TO DO: For the entries below, the expected answer is the line with "splitting off the", the line with "proof (intro equalityI subsetI)", and every line between them, exactly as written, and nothing more.

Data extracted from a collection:
═══
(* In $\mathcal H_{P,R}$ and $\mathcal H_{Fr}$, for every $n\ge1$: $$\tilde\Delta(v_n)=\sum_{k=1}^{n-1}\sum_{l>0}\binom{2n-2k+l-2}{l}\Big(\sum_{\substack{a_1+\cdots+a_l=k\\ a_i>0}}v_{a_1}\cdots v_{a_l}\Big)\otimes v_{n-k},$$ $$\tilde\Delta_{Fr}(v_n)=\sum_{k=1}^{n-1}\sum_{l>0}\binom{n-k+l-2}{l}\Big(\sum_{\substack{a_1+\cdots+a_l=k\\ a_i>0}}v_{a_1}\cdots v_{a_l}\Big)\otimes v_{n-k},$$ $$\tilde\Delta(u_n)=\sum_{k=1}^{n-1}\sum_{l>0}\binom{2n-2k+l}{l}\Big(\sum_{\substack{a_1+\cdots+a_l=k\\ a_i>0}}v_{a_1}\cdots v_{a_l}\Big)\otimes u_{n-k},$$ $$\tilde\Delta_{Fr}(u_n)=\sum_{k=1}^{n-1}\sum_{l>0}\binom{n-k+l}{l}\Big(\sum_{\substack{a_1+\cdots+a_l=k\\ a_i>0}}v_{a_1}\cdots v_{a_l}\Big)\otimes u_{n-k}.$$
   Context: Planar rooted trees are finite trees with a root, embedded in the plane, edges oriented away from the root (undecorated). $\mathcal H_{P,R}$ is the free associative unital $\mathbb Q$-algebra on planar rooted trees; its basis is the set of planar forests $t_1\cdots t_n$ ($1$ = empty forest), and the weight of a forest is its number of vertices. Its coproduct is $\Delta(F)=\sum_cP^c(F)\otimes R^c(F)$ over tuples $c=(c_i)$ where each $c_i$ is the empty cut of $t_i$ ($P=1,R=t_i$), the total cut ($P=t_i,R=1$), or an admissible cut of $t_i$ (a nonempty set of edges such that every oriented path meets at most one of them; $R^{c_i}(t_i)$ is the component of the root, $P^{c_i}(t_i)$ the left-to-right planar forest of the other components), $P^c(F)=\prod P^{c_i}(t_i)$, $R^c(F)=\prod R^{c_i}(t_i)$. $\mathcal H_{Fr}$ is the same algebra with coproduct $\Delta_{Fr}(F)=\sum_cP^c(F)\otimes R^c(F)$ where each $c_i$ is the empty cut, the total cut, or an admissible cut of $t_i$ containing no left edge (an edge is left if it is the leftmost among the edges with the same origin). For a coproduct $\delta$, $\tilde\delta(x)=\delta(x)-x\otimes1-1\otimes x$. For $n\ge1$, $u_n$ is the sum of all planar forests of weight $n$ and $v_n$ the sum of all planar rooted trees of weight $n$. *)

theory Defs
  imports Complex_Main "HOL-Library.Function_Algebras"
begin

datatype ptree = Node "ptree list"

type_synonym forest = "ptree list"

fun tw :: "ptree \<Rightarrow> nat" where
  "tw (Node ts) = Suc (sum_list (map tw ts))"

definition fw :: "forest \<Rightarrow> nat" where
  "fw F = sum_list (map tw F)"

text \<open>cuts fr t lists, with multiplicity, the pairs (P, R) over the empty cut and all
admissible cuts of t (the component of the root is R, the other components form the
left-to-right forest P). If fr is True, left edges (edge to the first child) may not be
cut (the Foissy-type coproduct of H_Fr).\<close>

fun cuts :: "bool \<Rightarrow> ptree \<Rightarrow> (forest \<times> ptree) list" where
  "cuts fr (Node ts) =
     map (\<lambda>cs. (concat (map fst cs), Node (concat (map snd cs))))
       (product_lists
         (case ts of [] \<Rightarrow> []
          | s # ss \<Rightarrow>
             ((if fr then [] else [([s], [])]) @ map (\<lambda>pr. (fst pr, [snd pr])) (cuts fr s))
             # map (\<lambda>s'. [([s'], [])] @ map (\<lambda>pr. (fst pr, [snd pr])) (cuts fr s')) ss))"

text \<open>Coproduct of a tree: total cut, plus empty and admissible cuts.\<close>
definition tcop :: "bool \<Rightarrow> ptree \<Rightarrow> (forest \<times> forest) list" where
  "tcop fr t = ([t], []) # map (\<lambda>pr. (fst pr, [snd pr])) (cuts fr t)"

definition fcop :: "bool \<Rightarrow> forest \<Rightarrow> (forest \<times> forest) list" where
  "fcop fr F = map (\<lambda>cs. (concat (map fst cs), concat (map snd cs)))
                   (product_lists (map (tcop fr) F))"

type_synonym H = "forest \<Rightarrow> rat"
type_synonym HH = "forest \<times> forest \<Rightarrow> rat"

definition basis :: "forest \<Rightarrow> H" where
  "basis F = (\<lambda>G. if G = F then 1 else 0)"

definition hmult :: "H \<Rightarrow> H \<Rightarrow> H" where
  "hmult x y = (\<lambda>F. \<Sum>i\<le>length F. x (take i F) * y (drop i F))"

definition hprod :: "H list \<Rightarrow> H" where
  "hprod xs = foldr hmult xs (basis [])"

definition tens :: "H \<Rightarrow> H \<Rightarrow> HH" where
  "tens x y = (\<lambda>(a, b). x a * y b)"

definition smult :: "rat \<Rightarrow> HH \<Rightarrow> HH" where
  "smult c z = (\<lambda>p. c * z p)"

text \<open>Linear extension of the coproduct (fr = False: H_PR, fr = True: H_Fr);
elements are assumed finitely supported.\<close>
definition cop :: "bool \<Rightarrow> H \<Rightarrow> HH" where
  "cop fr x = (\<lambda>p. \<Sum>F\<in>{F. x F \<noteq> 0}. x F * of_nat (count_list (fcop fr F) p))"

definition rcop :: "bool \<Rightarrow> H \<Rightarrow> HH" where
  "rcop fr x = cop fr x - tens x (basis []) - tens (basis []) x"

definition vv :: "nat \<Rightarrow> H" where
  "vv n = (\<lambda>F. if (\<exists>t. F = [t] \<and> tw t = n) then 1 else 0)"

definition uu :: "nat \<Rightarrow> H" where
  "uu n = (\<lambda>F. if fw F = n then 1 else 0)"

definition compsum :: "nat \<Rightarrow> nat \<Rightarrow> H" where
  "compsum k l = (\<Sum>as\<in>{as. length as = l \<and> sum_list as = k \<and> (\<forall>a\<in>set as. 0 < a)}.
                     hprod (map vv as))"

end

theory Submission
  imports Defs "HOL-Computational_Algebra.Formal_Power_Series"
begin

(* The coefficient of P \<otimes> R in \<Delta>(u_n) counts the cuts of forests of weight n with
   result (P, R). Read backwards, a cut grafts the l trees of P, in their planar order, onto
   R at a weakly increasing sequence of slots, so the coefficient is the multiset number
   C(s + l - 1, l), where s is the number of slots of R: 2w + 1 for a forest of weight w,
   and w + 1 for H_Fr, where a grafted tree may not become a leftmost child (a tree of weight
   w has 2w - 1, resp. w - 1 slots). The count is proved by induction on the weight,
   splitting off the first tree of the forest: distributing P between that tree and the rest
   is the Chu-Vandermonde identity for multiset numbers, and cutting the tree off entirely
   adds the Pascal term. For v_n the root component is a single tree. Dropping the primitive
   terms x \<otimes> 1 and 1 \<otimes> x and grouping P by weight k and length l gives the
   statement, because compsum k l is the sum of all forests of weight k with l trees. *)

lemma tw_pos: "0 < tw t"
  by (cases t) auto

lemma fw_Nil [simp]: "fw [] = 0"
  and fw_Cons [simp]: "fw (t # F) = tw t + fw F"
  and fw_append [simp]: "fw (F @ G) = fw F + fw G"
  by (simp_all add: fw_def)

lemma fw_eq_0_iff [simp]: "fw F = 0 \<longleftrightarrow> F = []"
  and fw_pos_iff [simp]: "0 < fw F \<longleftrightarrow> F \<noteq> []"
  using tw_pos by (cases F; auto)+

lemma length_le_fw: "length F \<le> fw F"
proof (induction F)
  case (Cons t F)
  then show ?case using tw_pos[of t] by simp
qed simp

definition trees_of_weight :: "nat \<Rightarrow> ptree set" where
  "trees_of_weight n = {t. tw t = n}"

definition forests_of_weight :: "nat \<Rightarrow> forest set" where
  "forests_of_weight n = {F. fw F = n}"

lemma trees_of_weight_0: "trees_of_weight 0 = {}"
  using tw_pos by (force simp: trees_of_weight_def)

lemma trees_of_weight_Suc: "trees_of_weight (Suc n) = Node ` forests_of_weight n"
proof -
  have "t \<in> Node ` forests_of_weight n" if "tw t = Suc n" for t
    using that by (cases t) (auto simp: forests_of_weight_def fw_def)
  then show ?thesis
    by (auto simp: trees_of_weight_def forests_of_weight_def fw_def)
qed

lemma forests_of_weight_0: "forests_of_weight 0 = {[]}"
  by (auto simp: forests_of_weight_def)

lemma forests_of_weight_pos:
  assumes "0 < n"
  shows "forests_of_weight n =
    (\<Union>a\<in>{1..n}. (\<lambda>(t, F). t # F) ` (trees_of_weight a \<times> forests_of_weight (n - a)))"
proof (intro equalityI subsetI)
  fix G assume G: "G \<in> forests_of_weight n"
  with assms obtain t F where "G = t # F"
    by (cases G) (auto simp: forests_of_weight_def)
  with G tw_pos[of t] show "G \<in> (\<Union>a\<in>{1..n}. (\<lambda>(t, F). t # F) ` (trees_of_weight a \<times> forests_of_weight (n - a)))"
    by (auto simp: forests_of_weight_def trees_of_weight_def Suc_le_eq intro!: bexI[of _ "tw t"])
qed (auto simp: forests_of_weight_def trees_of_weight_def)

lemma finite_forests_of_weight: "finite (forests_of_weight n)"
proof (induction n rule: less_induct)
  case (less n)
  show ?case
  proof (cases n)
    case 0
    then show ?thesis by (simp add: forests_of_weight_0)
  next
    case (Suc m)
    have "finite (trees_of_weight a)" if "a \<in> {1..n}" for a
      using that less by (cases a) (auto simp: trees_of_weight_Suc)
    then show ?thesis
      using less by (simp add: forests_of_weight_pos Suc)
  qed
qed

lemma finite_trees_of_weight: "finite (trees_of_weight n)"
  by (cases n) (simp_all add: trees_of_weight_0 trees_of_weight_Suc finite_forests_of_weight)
═══
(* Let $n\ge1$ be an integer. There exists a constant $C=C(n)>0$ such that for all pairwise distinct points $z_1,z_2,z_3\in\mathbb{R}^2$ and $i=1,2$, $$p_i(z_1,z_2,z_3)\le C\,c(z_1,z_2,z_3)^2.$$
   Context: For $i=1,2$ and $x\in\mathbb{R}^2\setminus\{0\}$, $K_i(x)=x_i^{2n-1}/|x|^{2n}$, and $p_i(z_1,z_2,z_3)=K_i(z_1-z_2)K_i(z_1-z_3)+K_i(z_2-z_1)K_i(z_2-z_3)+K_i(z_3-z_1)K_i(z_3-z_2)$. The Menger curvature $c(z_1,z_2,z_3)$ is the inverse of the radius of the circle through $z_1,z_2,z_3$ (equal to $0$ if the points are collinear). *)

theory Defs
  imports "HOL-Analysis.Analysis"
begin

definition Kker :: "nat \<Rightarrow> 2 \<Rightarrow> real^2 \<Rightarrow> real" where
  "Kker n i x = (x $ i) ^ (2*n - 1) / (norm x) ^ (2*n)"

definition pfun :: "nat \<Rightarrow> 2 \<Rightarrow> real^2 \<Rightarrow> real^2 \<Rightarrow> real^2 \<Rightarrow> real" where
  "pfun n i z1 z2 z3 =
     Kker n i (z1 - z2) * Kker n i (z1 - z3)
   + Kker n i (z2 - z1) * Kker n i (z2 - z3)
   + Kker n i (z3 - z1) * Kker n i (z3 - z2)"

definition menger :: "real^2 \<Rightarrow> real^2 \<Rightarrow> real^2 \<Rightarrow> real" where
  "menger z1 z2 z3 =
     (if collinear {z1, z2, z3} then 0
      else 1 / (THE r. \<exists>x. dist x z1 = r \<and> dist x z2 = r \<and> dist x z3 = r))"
═══
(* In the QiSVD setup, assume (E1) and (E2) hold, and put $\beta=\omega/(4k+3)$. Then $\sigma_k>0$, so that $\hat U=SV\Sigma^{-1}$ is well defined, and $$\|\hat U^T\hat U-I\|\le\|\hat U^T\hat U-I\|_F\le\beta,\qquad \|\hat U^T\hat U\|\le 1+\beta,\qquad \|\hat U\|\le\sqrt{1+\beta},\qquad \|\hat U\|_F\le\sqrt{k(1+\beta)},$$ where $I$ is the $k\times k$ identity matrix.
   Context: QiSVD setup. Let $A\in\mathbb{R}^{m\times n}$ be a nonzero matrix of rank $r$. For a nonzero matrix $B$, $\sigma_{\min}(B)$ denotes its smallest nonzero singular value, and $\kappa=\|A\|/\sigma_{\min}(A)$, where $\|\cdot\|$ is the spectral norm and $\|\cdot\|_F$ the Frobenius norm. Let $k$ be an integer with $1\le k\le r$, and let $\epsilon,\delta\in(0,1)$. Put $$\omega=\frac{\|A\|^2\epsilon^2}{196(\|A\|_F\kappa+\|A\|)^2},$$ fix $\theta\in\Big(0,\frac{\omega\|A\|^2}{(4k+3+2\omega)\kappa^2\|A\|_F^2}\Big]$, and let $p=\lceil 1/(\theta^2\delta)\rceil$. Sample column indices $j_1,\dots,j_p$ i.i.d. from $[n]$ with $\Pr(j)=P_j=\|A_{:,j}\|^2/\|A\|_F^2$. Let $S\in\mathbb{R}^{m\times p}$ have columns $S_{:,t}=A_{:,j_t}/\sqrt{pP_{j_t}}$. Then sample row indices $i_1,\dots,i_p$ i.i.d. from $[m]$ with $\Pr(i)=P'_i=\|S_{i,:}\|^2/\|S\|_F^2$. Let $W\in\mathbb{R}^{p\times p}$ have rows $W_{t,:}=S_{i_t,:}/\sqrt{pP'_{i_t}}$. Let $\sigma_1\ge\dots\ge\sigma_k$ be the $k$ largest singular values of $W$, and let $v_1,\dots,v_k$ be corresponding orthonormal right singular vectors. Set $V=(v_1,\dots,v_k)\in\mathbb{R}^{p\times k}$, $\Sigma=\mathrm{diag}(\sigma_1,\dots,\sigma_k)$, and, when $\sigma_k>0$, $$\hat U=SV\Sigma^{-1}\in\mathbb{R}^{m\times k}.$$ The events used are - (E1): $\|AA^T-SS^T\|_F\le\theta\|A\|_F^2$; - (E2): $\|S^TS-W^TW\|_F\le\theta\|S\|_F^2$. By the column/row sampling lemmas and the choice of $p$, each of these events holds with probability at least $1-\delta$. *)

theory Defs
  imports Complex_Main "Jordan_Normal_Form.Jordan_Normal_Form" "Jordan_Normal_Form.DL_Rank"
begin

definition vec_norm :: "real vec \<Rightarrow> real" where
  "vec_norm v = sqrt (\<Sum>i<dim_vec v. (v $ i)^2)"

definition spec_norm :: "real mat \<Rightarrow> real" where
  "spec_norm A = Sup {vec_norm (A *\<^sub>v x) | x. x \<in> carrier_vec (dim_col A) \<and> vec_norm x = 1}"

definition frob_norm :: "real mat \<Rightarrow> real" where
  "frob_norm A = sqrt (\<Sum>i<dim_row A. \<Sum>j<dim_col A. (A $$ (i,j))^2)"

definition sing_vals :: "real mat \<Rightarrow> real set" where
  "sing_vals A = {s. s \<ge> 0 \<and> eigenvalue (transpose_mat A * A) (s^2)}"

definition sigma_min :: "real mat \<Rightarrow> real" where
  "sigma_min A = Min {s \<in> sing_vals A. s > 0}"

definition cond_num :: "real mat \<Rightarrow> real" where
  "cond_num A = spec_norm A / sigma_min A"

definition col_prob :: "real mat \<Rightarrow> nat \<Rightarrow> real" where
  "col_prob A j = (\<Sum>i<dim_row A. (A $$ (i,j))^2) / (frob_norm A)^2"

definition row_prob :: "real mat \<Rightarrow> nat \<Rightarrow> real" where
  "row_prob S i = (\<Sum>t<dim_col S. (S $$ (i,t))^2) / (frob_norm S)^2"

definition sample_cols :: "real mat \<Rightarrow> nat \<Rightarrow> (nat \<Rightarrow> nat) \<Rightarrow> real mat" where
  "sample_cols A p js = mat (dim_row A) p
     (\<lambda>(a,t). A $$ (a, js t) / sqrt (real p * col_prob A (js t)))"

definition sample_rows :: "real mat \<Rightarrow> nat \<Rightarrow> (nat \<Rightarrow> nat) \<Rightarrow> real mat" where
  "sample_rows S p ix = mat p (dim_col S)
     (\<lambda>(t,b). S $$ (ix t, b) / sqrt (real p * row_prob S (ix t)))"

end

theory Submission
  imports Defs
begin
═══
TASK ANSWER:
   splitting off the first tree of the forest: distributing P between that tree and the rest
   is the Chu-Vandermonde identity for multiset numbers, and cutting the tree off entirely
   adds the Pascal term. For v_n the root component is a single tree. Dropping the primitive
   terms x \<otimes> 1 and 1 \<otimes> x and grouping P by weight k and length l gives the
   statement, because compsum k l is the sum of all forests of weight k with l trees. *)

lemma tw_pos: "0 < tw t"
  by (cases t) auto

lemma fw_Nil [simp]: "fw [] = 0"
  and fw_Cons [simp]: "fw (t # F) = tw t + fw F"
  and fw_append [simp]: "fw (F @ G) = fw F + fw G"
  by (simp_all add: fw_def)

lemma fw_eq_0_iff [simp]: "fw F = 0 \<longleftrightarrow> F = []"
  and fw_pos_iff [simp]: "0 < fw F \<longleftrightarrow> F \<noteq> []"
  using tw_pos by (cases F; auto)+

lemma length_le_fw: "length F \<le> fw F"
proof (induction F)
  case (Cons t F)
  then show ?case using tw_pos[of t] by simp
qed simp

definition trees_of_weight :: "nat \<Rightarrow> ptree set" where
  "trees_of_weight n = {t. tw t = n}"

definition forests_of_weight :: "nat \<Rightarrow> forest set" where
  "forests_of_weight n = {F. fw F = n}"

lemma trees_of_weight_0: "trees_of_weight 0 = {}"
  using tw_pos by (force simp: trees_of_weight_def)

lemma trees_of_weight_Suc: "trees_of_weight (Suc n) = Node ` forests_of_weight n"
proof -
  have "t \<in> Node ` forests_of_weight n" if "tw t = Suc n" for t
    using that by (cases t) (auto simp: forests_of_weight_def fw_def)
  then show ?thesis
    by (auto simp: trees_of_weight_def forests_of_weight_def fw_def)
qed

lemma forests_of_weight_0: "forests_of_weight 0 = {[]}"
  by (auto simp: forests_of_weight_def)

lemma forests_of_weight_pos:
  assumes "0 < n"
  shows "forests_of_weight n =
    (\<Union>a\<in>{1..n}. (\<lambda>(t, F). t # F) ` (trees_of_weight a \<times> forests_of_weight (n - a)))"
proof (intro equalityI subsetI)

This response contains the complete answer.